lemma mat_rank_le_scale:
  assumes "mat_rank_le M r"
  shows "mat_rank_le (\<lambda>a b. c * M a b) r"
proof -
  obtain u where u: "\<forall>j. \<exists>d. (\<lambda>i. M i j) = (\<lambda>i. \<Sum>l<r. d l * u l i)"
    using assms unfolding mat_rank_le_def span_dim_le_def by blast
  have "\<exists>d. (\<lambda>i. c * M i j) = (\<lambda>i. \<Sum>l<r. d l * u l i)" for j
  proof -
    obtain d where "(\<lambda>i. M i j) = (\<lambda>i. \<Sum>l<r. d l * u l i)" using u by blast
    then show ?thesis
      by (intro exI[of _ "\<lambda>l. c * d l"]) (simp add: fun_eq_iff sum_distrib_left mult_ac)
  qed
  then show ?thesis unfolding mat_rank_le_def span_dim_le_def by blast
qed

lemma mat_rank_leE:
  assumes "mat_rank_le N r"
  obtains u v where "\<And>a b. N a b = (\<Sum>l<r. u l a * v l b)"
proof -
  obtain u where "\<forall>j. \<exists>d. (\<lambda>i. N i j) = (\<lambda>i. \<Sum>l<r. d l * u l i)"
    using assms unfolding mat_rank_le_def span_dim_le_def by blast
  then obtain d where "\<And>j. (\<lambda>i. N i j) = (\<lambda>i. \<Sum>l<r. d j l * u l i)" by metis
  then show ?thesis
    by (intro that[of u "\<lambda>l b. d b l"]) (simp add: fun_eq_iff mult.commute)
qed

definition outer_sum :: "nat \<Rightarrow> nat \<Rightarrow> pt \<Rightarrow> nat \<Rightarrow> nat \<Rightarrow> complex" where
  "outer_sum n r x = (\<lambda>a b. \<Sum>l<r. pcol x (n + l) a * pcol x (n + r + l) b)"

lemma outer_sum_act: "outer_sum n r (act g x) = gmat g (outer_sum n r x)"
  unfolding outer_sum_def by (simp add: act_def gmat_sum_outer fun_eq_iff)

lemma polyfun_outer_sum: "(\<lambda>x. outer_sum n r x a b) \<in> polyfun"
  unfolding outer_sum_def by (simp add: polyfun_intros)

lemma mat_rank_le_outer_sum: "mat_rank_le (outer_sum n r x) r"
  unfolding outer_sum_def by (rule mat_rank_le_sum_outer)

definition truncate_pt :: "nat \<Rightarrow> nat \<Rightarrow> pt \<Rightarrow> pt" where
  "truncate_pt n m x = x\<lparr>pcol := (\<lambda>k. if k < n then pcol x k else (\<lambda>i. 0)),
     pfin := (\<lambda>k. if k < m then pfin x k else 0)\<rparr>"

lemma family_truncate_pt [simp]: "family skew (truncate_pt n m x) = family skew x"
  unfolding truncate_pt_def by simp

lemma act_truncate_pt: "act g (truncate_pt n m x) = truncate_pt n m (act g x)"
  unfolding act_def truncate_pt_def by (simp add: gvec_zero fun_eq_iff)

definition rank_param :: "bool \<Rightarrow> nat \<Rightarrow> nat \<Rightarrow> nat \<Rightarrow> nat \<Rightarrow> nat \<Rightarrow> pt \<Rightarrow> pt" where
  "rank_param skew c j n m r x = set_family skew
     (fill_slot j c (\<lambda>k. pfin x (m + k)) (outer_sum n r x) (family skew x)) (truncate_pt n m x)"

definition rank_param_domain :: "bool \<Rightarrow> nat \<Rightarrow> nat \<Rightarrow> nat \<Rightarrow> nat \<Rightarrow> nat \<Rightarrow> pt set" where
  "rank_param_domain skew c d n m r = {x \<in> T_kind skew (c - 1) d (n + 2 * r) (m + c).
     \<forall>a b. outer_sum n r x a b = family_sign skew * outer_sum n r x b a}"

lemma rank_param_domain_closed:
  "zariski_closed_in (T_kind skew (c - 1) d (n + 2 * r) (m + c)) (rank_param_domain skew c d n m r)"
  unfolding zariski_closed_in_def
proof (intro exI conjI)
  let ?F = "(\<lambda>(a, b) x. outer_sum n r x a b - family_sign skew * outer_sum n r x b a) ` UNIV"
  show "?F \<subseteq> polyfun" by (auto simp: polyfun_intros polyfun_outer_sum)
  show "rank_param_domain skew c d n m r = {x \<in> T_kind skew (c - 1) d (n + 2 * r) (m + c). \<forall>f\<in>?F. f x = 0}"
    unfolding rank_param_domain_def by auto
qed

* * * * * * * * *

## Your instructions
Write out all the records above again, exactly as they stand.

## Task answer
lemma mat_rank_le_scale:
  assumes "mat_rank_le M r"
  shows "mat_rank_le (\<lambda>a b. c * M a b) r"
proof -
  obtain u where u: "\<forall>j. \<exists>d. (\<lambda>i. M i j) = (\<lambda>i. \<Sum>l<r. d l * u l i)"
    using assms unfolding mat_rank_le_def span_dim_le_def by blast
  have "\<exists>d. (\<lambda>i. c * M i j) = (\<lambda>i. \<Sum>l<r. d l * u l i)" for j
  proof -
    obtain d where "(\<lambda>i. M i j) = (\<lambda>i. \<Sum>l<r. d l * u l i)" using u by blast
    then show ?thesis
      by (intro exI[of _ "\<lambda>l. c * d l"]) (simp add: fun_eq_iff sum_distrib_left mult_ac)
  qed
  then show ?thesis unfolding mat_rank_le_def span_dim_le_def by blast
qed

lemma mat_rank_leE:
  assumes "mat_rank_le N r"
  obtains u v where "\<And>a b. N a b = (\<Sum>l<r. u l a * v l b)"
proof -
  obtain u where "\<forall>j. \<exists>d. (\<lambda>i. N i j) = (\<lambda>i. \<Sum>l<r. d l * u l i)"
    using assms unfolding mat_rank_le_def span_dim_le_def by blast
  then obtain d where "\<And>j. (\<lambda>i. N i j) = (\<lambda>i. \<Sum>l<r. d j l * u l i)" by metis
  then show ?thesis
    by (intro that[of u "\<lambda>l b. d b l"]) (simp add: fun_eq_iff mult.commute)
qed

definition outer_sum :: "nat \<Rightarrow> nat \<Rightarrow> pt \<Rightarrow> nat \<Rightarrow> nat \<Rightarrow> complex" where
  "outer_sum n r x = (\<lambda>a b. \<Sum>l<r. pcol x (n + l) a * pcol x (n + r + l) b)"

lemma outer_sum_act: "outer_sum n r (act g x) = gmat g (outer_sum n r x)"
  unfolding outer_sum_def by (simp add: act_def gmat_sum_outer fun_eq_iff)

lemma polyfun_outer_sum: "(\<lambda>x. outer_sum n r x a b) \<in> polyfun"
  unfolding outer_sum_def by (simp add: polyfun_intros)

lemma mat_rank_le_outer_sum: "mat_rank_le (outer_sum n r x) r"
  unfolding outer_sum_def by (rule mat_rank_le_sum_outer)

definition truncate_pt :: "nat \<Rightarrow> nat \<Rightarrow> pt \<Rightarrow> pt" where
  "truncate_pt n m x = x\<lparr>pcol := (\<lambda>k. if k < n then pcol x k else (\<lambda>i. 0)),
     pfin := (\<lambda>k. if k < m then pfin x k else 0)\<rparr>"

lemma family_truncate_pt [simp]: "family skew (truncate_pt n m x) = family skew x"
  unfolding truncate_pt_def by simp

lemma act_truncate_pt: "act g (truncate_pt n m x) = truncate_pt n m (act g x)"
  unfolding act_def truncate_pt_def by (simp add: gvec_zero fun_eq_iff)

definition rank_param :: "bool \<Rightarrow> nat \<Rightarrow> nat \<Rightarrow> nat \<Rightarrow> nat \<Rightarrow> nat \<Rightarrow> pt \<Rightarrow> pt" where
  "rank_param skew c j n m r x = set_family skew
     (fill_slot j c (\<lambda>k. pfin x (m + k)) (outer_sum n r x) (family skew x)) (truncate_pt n m x)"

definition rank_param_domain :: "bool \<Rightarrow> nat \<Rightarrow> nat \<Rightarrow> nat \<Rightarrow> nat \<Rightarrow> nat \<Rightarrow> pt set" where
  "rank_param_domain skew c d n m r = {x \<in> T_kind skew (c - 1) d (n + 2 * r) (m + c).
     \<forall>a b. outer_sum n r x a b = family_sign skew * outer_sum n r x b a}"

lemma rank_param_domain_closed:
  "zariski_closed_in (T_kind skew (c - 1) d (n + 2 * r) (m + c)) (rank_param_domain skew c d n m r)"
  unfolding zariski_closed_in_def
proof (intro exI conjI)
  let ?F = "(\<lambda>(a, b) x. outer_sum n r x a b - family_sign skew * outer_sum n r x b a) ` UNIV"
  show "?F \<subseteq> polyfun" by (auto simp: polyfun_intros polyfun_outer_sum)
  show "rank_param_domain skew c d n m r = {x \<in> T_kind skew (c - 1) d (n + 2 * r) (m + c). \<forall>f\<in>?F. f x = 0}"
    unfolding rank_param_domain_def by auto
qed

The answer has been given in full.